Если выработка этого гормона по каким-то причинам оказывается ниже нормы, материнский инстинкт практически исчезает. По словам исследователей, от этого гормона зависит уровень материнской агрессии.
По словам Стефена Гамми, который руководил этим проектом, химические основания бесстрашного поведения у животных, отсутствие страха у матери связано еще и с низким содержанием пептида в головном мозге. Снижение уровня пептида происходит при родах и при кормлении грудью.

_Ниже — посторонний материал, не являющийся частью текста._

(* For $\gamma\ge0$ let $P_1(\gamma),P_2(\gamma),\dots$ be i.i.d. Poisson random variables with parameter $\gamma$. Let $x\in\mathbb{R}$, $\delta>0$, $\lambda\ge0$, $\epsilon>0$, and set $\lambda^-_\epsilon=\max\{0,\lambda-\epsilon\}$, $\lambda^+_\epsilon=\lambda+\epsilon$. Then the following limit exists and $$\lim_{n\to\infty}\inf_{\gamma\in(\lambda-\epsilon,\lambda+\epsilon)\cap[0,\infty)}\frac1n\log\mathbb{P}\Big(\tfrac1n\textstyle\sum_{i=1}^nP_i(\gamma)\in(x-\delta,x+\delta)\Big)=\min_{\gamma\in\{\lambda^-_\epsilon,\lambda^+_\epsilon\}}\Big[-\inf_{a\in(x-\delta,x+\delta)}\ell(\gamma;a)\Big].$$
   Context: For $\gamma\ge0$: $\ell(\gamma;a)=\infty$ for $a<0$, $\ell(\gamma;0)=\gamma$, and $\ell(\gamma;a)=\gamma-a+a\log(a/\gamma)$ for $a>0$ (interpreted as $\infty$ when $\gamma=0$); this is the Fenchel–Legendre transform of the cumulant generating function of the Poisson($\gamma$) distribution. *)

theory Defs
  imports "HOL-Probability.Probability"
begin

text \<open>Poisson distribution with parameter \<gamma> \<ge> 0 (the library's poisson_pmf
  is only specified for positive rate; rate 0 is the point mass at 0).\<close>
definition poisson :: "real \<Rightarrow> nat pmf" where
  "poisson \<gamma> = (if \<gamma> = 0 then return_pmf 0 else poisson_pmf \<gamma>)"

definition iid_poisson :: "real \<Rightarrow> nat \<Rightarrow> (nat \<Rightarrow> nat) pmf" where
  "iid_poisson \<gamma> n = Pi_pmf {1..n} 0 (\<lambda>_. poisson \<gamma>)"

definition ell :: "real \<Rightarrow> real \<Rightarrow> ereal" where
  "ell \<gamma> a = (if a < 0 then \<infinity>
              else if a = 0 then ereal \<gamma>
              else if \<gamma> = 0 then \<infinity>
              else ereal (\<gamma> - a + a * ln (a / \<gamma>)))"

definition eln :: "real \<Rightarrow> ereal" where
  "eln p = (if p = 0 then -\<infinity> else ereal (ln p))"

end

theory Submission
  imports Defs
begin

text \<open>
  The sum of \<open>n\<close> independent Poisson(\<open>\<gamma>\<close>) variables is Poisson(\<open>n\<gamma>\<close>), so the probability
  is the Poisson(\<open>n\<gamma>\<close>) mass \<open>Q\<^sub>n(\<gamma>)\<close> of the integer interval \<open>K\<^sub>n = {k. k/n \<in> (x - \<delta>, x + \<delta>)}\<close>.
  The derivative of \<open>\<mu> \<mapsto> P(Poisson(\<mu>) \<in> [A, B])\<close> is \<open>p\<^sub>\<mu>(A - 1) - p\<^sub>\<mu>(B)\<close>, and
  \<open>p\<^sub>\<mu>(B) / p\<^sub>\<mu>(A - 1)\<close> increases with \<open>\<mu>\<close>, so the derivative changes sign at most once, from
  \<open>+\<close> to \<open>-\<close>.  Thus \<open>Q\<^sub>n\<close> is quasi-concave and, being continuous, attains its infimum over the
  \<open>\<gamma>\<close>-interval at an endpoint.  It remains to show \<open>(1/n) log Q\<^sub>n(\<gamma>) \<rightarrow> - inf\<^sub>a \<ell>(\<gamma>;a)\<close>
  for fixed \<open>\<gamma>\<close>.  The bounds \<open>k log k - k \<le> log k! \<le> (k + 1) log (k + 1) - k\<close> give
  \<open>p\<^sub>n\<^sub>\<gamma>(k) \<le> exp (- n \<ell>(\<gamma>; k/n))\<close>, which with \<open>|K\<^sub>n| \<le> 2\<delta>n + 1\<close> yields the upper
  bound, and \<open>(1/n) log p\<^sub>n\<^sub>\<gamma>(\<lceil>na\<rceil>) \<rightarrow> - \<ell>(\<gamma>;a)\<close>, which yields the lower bound.
\<close>

definition poisson_density :: "real \<Rightarrow> nat \<Rightarrow> real" where
  "poisson_density \<mu> k = exp (- \<mu>) * \<mu> ^ k / fact k"

lemma pmf_poisson_eq_density: "\<mu> \<ge> 0 \<Longrightarrow> pmf (poisson \<mu>) k = poisson_density \<mu> k"
  by (cases "\<mu> = 0") (auto simp: poisson_def poisson_density_def indicator_def)

lemma poisson_density_nonneg: "\<mu> \<ge> 0 \<Longrightarrow> poisson_density \<mu> k \<ge> 0"
  by (simp add: poisson_density_def)

lemma poisson_density_pos_iff: "\<mu> \<ge> 0 \<Longrightarrow> poisson_density \<mu> k > 0 \<longleftrightarrow> \<mu> > 0 \<or> k = 0"
  by (cases "\<mu> = 0"; cases k) (auto simp: poisson_density_def)

lemma poisson_density_le_1: "\<mu> \<ge> 0 \<Longrightarrow> poisson_density \<mu> k \<le> 1"
  using pmf_le_1 pmf_poisson_eq_density by metis

lemma poisson_add:
  assumes "a \<ge> 0" "b \<ge> 0"
  shows "map_pmf (\<lambda>(i, j). i + j) (pair_pmf (poisson a) (poisson b)) = poisson (a + b)"
proof (rule pmf_eqI)
  fix k :: nat
  have preimage: "(\<lambda>(i, j). i + j) -` {k} = (\<lambda>j. (j, k - j)) ` {..k}"
    by (auto simp: image_iff)
  have inj: "inj_on (\<lambda>j. (j, k - j)) {..k}"
    by (auto simp: inj_on_def)
  have "pmf (map_pmf (\<lambda>(i, j). i + j) (pair_pmf (poisson a) (poisson b))) k
        = (\<Sum>j\<le>k. poisson_density a j * poisson_density b (k - j))"
    unfolding pmf_map preimage using assms
    by (subst measure_measure_pmf_finite)
       (auto simp: sum.reindex[OF inj] pmf_pair pmf_poisson_eq_density)
  also have "\<dots> = (\<Sum>j\<le>k. exp (- (a + b)) / fact k * (of_nat (k choose j) * a ^ j * b ^ (k - j)))"
    by (intro sum.cong refl)
       (simp add: poisson_density_def binomial_fact exp_add field_simps exp_diff exp_minus_inverse)
  also have "\<dots> = exp (- (a + b)) / fact k * (a + b) ^ k"
    by (simp add: binomial_ring sum_distrib_left)
  also have "\<dots> = pmf (poisson (a + b)) k"
    using assms by (simp add: pmf_poisson_eq_density poisson_density_def)
  finally show "pmf (map_pmf (\<lambda>(i, j). i + j) (pair_pmf (poisson a) (poisson b))) k
      = pmf (poisson (a + b)) k" .
qed

lemma sum_iid_poisson:
  assumes "\<gamma> \<ge> 0"
  shows "map_pmf (\<lambda>P. \<Sum>i=1..n. P i) (iid_poisson \<gamma> n) = poisson (real n * \<gamma>)"
proof (induction n)
  case 0
  then show ?case by (simp add: iid_poisson_def poisson_def)
next
  case (Suc n)
  have insert: "{1..Suc n} = insert (Suc n) {1..n}" by auto
  have "map_pmf (\<lambda>P. \<Sum>i=1..Suc n. P i) (iid_poisson \<gamma> (Suc n))
      = map_pmf (\<lambda>(i, j). i + j)
          (map_pmf (\<lambda>(y, P). (id y, \<Sum>i=1..n. P i)) (pair_pmf (poisson \<gamma>) (iid_poisson \<gamma> n)))"
    unfolding iid_poisson_def insert
    by (subst Pi_pmf_insert) (auto simp: map_pmf_comp case_prod_beta intro!: map_pmf_cong sum.cong)
  also have "\<dots> = poisson (\<gamma> + real n * \<gamma>)"
    unfolding map_pair Suc using assms by (simp add: poisson_add)
  finally show ?case by (simp add: algebra_simps)
qed

lemma has_real_derivative_poisson_density:
  "((\<lambda>\<mu>. poisson_density \<mu> k) has_real_derivative
     (if k = 0 then 0 else poisson_density \<mu> (k - 1)) - poisson_density \<mu> k) (at \<mu>)"
proof (cases k)
  case (Suc j)
  have "((\<lambda>\<mu>. exp (- \<mu>) * \<mu> ^ Suc j / fact (Suc j)) has_real_derivative
      exp (- \<mu>) * \<mu> ^ j / fact j - exp (- \<mu>) * \<mu> ^ Suc j / fact (Suc j)) (at \<mu>)"
    by (rule derivative_eq_intros refl | simp add: fact_Suc field_simps del: of_nat_Suc)+
  then show ?thesis
    unfolding Suc poisson_density_def by simp
qed (auto simp: poisson_density_def intro!: derivative_eq_intros)

lemma has_real_derivative_poisson_lessThan:
  "((\<lambda>\<mu>. \<Sum>k<m. poisson_density \<mu> k) has_real_derivative
     (if m = 0 then 0 else - poisson_density \<mu> (m - 1))) (at \<mu>)"
proof (induction m)
  case (Suc m)
  show ?case
    using DERIV_add[OF Suc has_real_derivative_poisson_density[of m]] by (cases "m = 0") simp_all
qed simp

lemma has_real_derivative_poisson_atLeastAtMost:
  assumes "A \<le> B"
  shows "((\<lambda>\<mu>. \<Sum>k\<in>{A..B}. poisson_density \<mu> k) has_real_derivative
     (if A = 0 then 0 else poisson_density \<mu> (A - 1)) - poisson_density \<mu> B) (at \<mu>)"
proof -
  have "(\<Sum>k\<in>{A..B}. poisson_density \<mu> k)
      = (\<Sum>k<Suc B. poisson_density \<mu> k) - (\<Sum>k<A. poisson_density \<mu> k)" for \<mu>
    using assms
    by (metis atLeastLessThanSuc_atLeastAtMost le_SucI lessThan_atLeast0 sum_diff_nat_ivl zero_le)
  then show ?thesis
    using DERIV_diff[OF has_real_derivative_poisson_lessThan[of "Suc B"]
        has_real_derivative_poisson_lessThan[of A]]
    by (cases "A = 0") (simp_all del: lessThan_Suc sum.lessThan_Suc)
qed
lemma sigmoid_network_codes_cells:
  fixes a :: "'n::finite \<Rightarrow> 'a::real_inner" and b :: "'n \<Rightarrow> nat \<Rightarrow> real" and k :: "'n \<Rightarrow> nat"
  assumes "\<delta> > 0" "\<epsilon> > 0" and mono: "\<forall>s. \<forall>j\<in>{1..k s}. b s j < b s (Suc j)"
  obtains u :: "'n \<Rightarrow> 'a" and \<beta> :: "'n \<Rightarrow> nat \<Rightarrow> real" and v :: "'n \<Rightarrow> nat \<Rightarrow> real"
    and code :: "('n \<Rightarrow> nat) \<Rightarrow> nat"
  where "\<And>i x. \<forall>s. i s \<in> {1..k s} \<Longrightarrow>
           \<forall>s. b s (i s) + \<delta> < a s \<bullet> x \<and> a s \<bullet> x < b s (Suc (i s)) - \<delta> \<Longrightarrow>
           \<bar>(\<Sum>s\<in>UNIV. \<Sum>l=1..k s. v s l * sigmoid (u s \<bullet> x - \<beta> s l)) - real (code i)\<bar> \<le> \<epsilon>"
    and "\<And>i. \<forall>s. i s \<in> {1..k s} \<Longrightarrow> code i < (\<Prod>s\<in>UNIV. k s)"
    and "inj_on code {i. \<forall>s. i s \<in> {1..k s}}"
proof -
  let ?cells = "{i. \<forall>s. i s \<in> {1..k s}}"
  obtain w where code_less: "\<And>d. \<forall>s. d s < k s \<Longrightarrow> (\<Sum>s\<in>UNIV. d s * w s) < (\<Prod>s\<in>UNIV. k s)"
    and code_inj: "inj_on (\<lambda>d. \<Sum>s\<in>UNIV. d s * w s) {d. \<forall>s. d s < k s}"
    using mixed_radix_code[of k] by blast
  define code where "code i = (\<Sum>s\<in>UNIV. (i s - 1) * w s)" for i :: "'n \<Rightarrow> nat"
  define C where "C = (\<Sum>s\<in>UNIV. real (w s) * real (k s))"
  define T where "T = ln (1 + (C + 1) / \<epsilon>)"
  have "C \<ge> 0"
    unfolding C_def by (intro sum_nonneg) simp
  then have "T > 0" and err: "C * exp (- T) \<le> \<epsilon>"
    using \<open>\<epsilon> > 0\<close> by (auto simp: T_def exp_minus field_simps)
  have digit: "1 \<le> i s" "i s - 1 < k s" if "i \<in> ?cells" for i s
  proof -
    have "i s \<in> {1..k s}"
      using that by blast
    then show "1 \<le> i s" "i s - 1 < k s"
      by auto
  qed
  show ?thesis
  proof
    show "\<bar>(\<Sum>s\<in>UNIV. \<Sum>l=1..k s. real (w s) * sigmoid ((T / \<delta>) *\<^sub>R a s \<bullet> x - T / \<delta> * b s (Suc l)))
        - real (code i)\<bar> \<le> \<epsilon>"
      if "\<forall>s. i s \<in> {1..k s}" "\<forall>s. b s (i s) + \<delta> < a s \<bullet> x \<and> a s \<bullet> x < b s (Suc (i s)) - \<delta>" for i x
      using sigmoid_network_approx[OF mono \<open>\<delta> > 0\<close> \<open>T > 0\<close> _ that, of "\<lambda>s. real (w s)"] err
      by (simp add: code_def C_def mult.commute)
    show "code i < (\<Prod>s\<in>UNIV. k s)" if "\<forall>s. i s \<in> {1..k s}" for i
      unfolding code_def using that digit(2) by (intro code_less) simp
    have shift_inj: "inj_on (\<lambda>i s. i s - 1) ?cells"
    proof (rule inj_on_inverseI[where g = "\<lambda>d s. d s + 1"])
      show "(\<lambda>s. i s - 1 + 1) = i" if "i \<in> ?cells" for i
      proof
        show "i s - 1 + 1 = i s" for s
          using digit(1)[OF that, of s] by simp
      qed
    qed
    have "inj_on (\<lambda>d. \<Sum>s\<in>UNIV. d s * w s) ((\<lambda>i s. i s - 1) ` ?cells)"
      using digit(2) by (intro inj_on_subset[OF code_inj]) auto
    from comp_inj_on[OF shift_inj this] show "inj_on code ?cells"
      unfolding code_def[abs_def] comp_def .
  qed
qed
text \<open>The classical 1-factorisation of the complete graph on \<open>{..n}\<close>, \<open>n\<close> odd: in round
  \<open>r < n\<close> the vertex \<open>n\<close> is paired with \<open>r\<close>, and two vertices \<open>x, y < n\<close> are paired iff
  \<open>x + y \<equiv> 2 r (mod n)\<close>. Since \<open>2\<close> is invertible mod \<open>n\<close>, every pair occurs in exactly one
  round.\<close>

definition round_robin :: "nat \<Rightarrow> nat \<Rightarrow> nat \<Rightarrow> nat" where
  "round_robin n r x = (if x = n then r else if x = r then n else nat ((2 * int r - int x) mod int n))"

lemma round_robin_top [simp]: "round_robin n r n = r"
  by (simp add: round_robin_def)

lemma round_robin_self [simp]: "r < n \<Longrightarrow> round_robin n r r = n"
  by (simp add: round_robin_def)

context
  fixes n :: nat
  assumes odd_n: "odd n"
begin

lemma round_robin_inner:
  assumes "r < n" and "x < n" and "x \<noteq> r"
  shows "int (round_robin n r x) = (2 * int r - int x) mod int n"
    and "round_robin n r x < n"
    and "round_robin n r x \<noteq> r"
    and "round_robin n r x \<noteq> x"
proof -
  show eq: "int (round_robin n r x) = (2 * int r - int x) mod int n"
    using assms by (simp add: round_robin_def)
  have "(2 * int r - int x) mod int n < int n"
    using assms(1) by simp
  with eq show "round_robin n r x < n"
    by linarith
  have "\<bar>int r - int x\<bar> < int n"
    using assms by linarith
  then have cancel: "int n dvd 2 * int r - 2 * int x \<Longrightarrow> False"
    using odd_dvd_double_diff_imp_eq[of "int n" "int r" "int x"] odd_n assms(3) by auto
  have small: "int x mod int n = int x" "int r mod int n = int r"
    using assms by simp_all
  show "round_robin n r x \<noteq> x"
  proof
    assume "round_robin n r x = x"
    then have "(2 * int r - int x) mod int n = int x mod int n"
      using eq small by simp
    then show False
      using cancel by (simp add: mod_eq_dvd_iff)
  qed
  show "round_robin n r x \<noteq> r"
  proof
    assume "round_robin n r x = r"
    then have "(2 * int r - int x) mod int n = int r mod int n"
      using eq small by simp
    then have "int n dvd int r - int x"
      by (simp add: mod_eq_dvd_iff)
    then have "int n dvd 2 * int r - 2 * int x"
      using dvd_mult[of "int n" "int r - int x" 2] by (simp add: algebra_simps)
    then show False
      using cancel by simp
  qed
qed

lemma round_robin_le:
  "r < n \<Longrightarrow> x \<le> n \<Longrightarrow> round_robin n r x \<le> n"
  using round_robin_inner(2)[of r x] by (cases "x = n \<or> x = r") auto

lemma round_robin_neq:
  "r < n \<Longrightarrow> x \<le> n \<Longrightarrow> round_robin n r x \<noteq> x"
  using round_robin_inner(4)[of r x] by (cases "x = n \<or> x = r") auto

lemma round_robin_involution:
  assumes "r < n" and "x \<le> n"
  shows "round_robin n r (round_robin n r x) = x"
proof (cases "x = n \<or> x = r")
  case True
  with assms show ?thesis
    by auto
next
  case False
  with assms have x: "x < n" "x \<noteq> r"
    by auto
  note y = round_robin_inner[OF assms(1) x]
  have "int (round_robin n r (round_robin n r x)) = (2 * int r - (2 * int r - int x) mod int n) mod int n"
    using round_robin_inner(1)[OF assms(1) y(2,3)] y(1) by simp
  also have "\<dots> = int x"
    using x by (simp add: mod_diff_right_eq)
  finally show ?thesis
    by simp
qed

lemma inj_on_round_robin:
  assumes "x \<le> n"
  shows "inj_on (\<lambda>r. round_robin n r x) {..<n}"
proof (rule inj_onI)
  fix r r' assume r: "r \<in> {..<n}" and r': "r' \<in> {..<n}"
    and eq: "round_robin n r x = round_robin n r' x"
  have top_iff: "round_robin n s x = n \<longleftrightarrow> x = s" if "s < n" "x < n" for s
    using that round_robin_inner(2)[of s x] by (cases "x = s") auto
  show "r = r'"
  proof (cases "x = n \<or> x = r \<or> x = r'")
    case True
    then show ?thesis
      using eq r r' top_iff[of r] top_iff[of r'] by auto
  next
    case False
    with assms have x: "x < n"
      by simp
    have "(2 * int r - int x) mod int n = (2 * int r' - int x) mod int n"
      using eq round_robin_inner(1)[of r x] round_robin_inner(1)[of r' x] r r' x False by auto
    then have "int n dvd 2 * int r - 2 * int r'"
      by (simp add: mod_eq_dvd_iff)
    moreover have "\<bar>int r - int r'\<bar> < int n"
      using r r' by auto
    ultimately show ?thesis
      using odd_dvd_double_diff_imp_eq[of "int n" "int r" "int r'"] odd_n by simp
  qed
qed

lemma bij_betw_round_robin:
  assumes "x \<le> n"
  shows "bij_betw (\<lambda>r. round_robin n r x) {..<n} ({..n} - {x})"
proof (rule bij_betw_imageI)
  show inj: "inj_on (\<lambda>r. round_robin n r x) {..<n}"
    using assms by (rule inj_on_round_robin)
  have sub: "(\<lambda>r. round_robin n r x) ` {..<n} \<subseteq> {..n} - {x}"
    using round_robin_le round_robin_neq assms by auto
  have "card ((\<lambda>r. round_robin n r x) ` {..<n}) = card ({..n} - {x})"
    using card_image[OF inj] assms by simp
  then show "(\<lambda>r. round_robin n r x) ` {..<n} = {..n} - {x}"
    using card_subset_eq[OF _ sub] by simp
qed

end

section \<open>Dephasing and pair exchange as unitary mixtures\<close>

definition dephased_map :: "real \<Rightarrow> real \<Rightarrow> complex^'n^'n \<Rightarrow> complex^'n^'n" where
  "dephased_map c a \<rho> = (\<chi> p q. if p = q then of_real c * \<rho> $ p $ p else of_real a * \<rho> $ p $ q)"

Обычно кормящая мышь набрасывается даже на отца своих малышей, если он появляется около гнезда. Но после того как ей вводили высокую дозу пептида, мышь становилась неагрессивной и даже не пыталась защищать потомство.
Когда речь идет об агрессивности самки, это не нужно понимать в том смысле, что она самоотверженно борется за своих малышей.
Лоренц в своей знаменитой книге об агрессии приводит пример взаимоотношений индейки со своими индюшатами. Индейка может подпустить к себе и ухаживать, как за цыпленком, за всем, что пищит по индюшачьи. Если лиса научится пищать как маленький индюшонок, а настоящие цыплята потеряют голос, индейка будет защищать лису от своих собственных цыплят.
Из этого Лоренц делает вывод, что в отношениях индейки со своим выводком не существует ничего, кроме агрессии матери и условного сигнала умиротворения, которым индюшата тормозят эту агрессию.
Попросту говоря, к своим малышам мать относится так же агрессивно, как и ко всем на кого нападает, и она уничтожила бы своих детей, если бы не существовало возможности умиротворения ее агрессии.
То, что принято называть родительской заботой, впервые появляется у некоторых костистых рыб, и проявляется в территориальной агрессии.
«Стремление отца монополизировать свою роль защитника и опекуна потомства, — пишет Панов, — коренится в большой степени в его частнособственнических наклонностях».
Перед нерестом самцы начинают друг с другом конфликтовать, отстаивая свою территорию. И «все, что находится в пределах этой территории, самец рассматривает как свою бесспорную собственность».
Эту собственность, включая гнездо с оплодотворенной икрой, самец охраняет до окончания сезона размножения. Он не подпускает к гнезду даже самку, которая выметала икру.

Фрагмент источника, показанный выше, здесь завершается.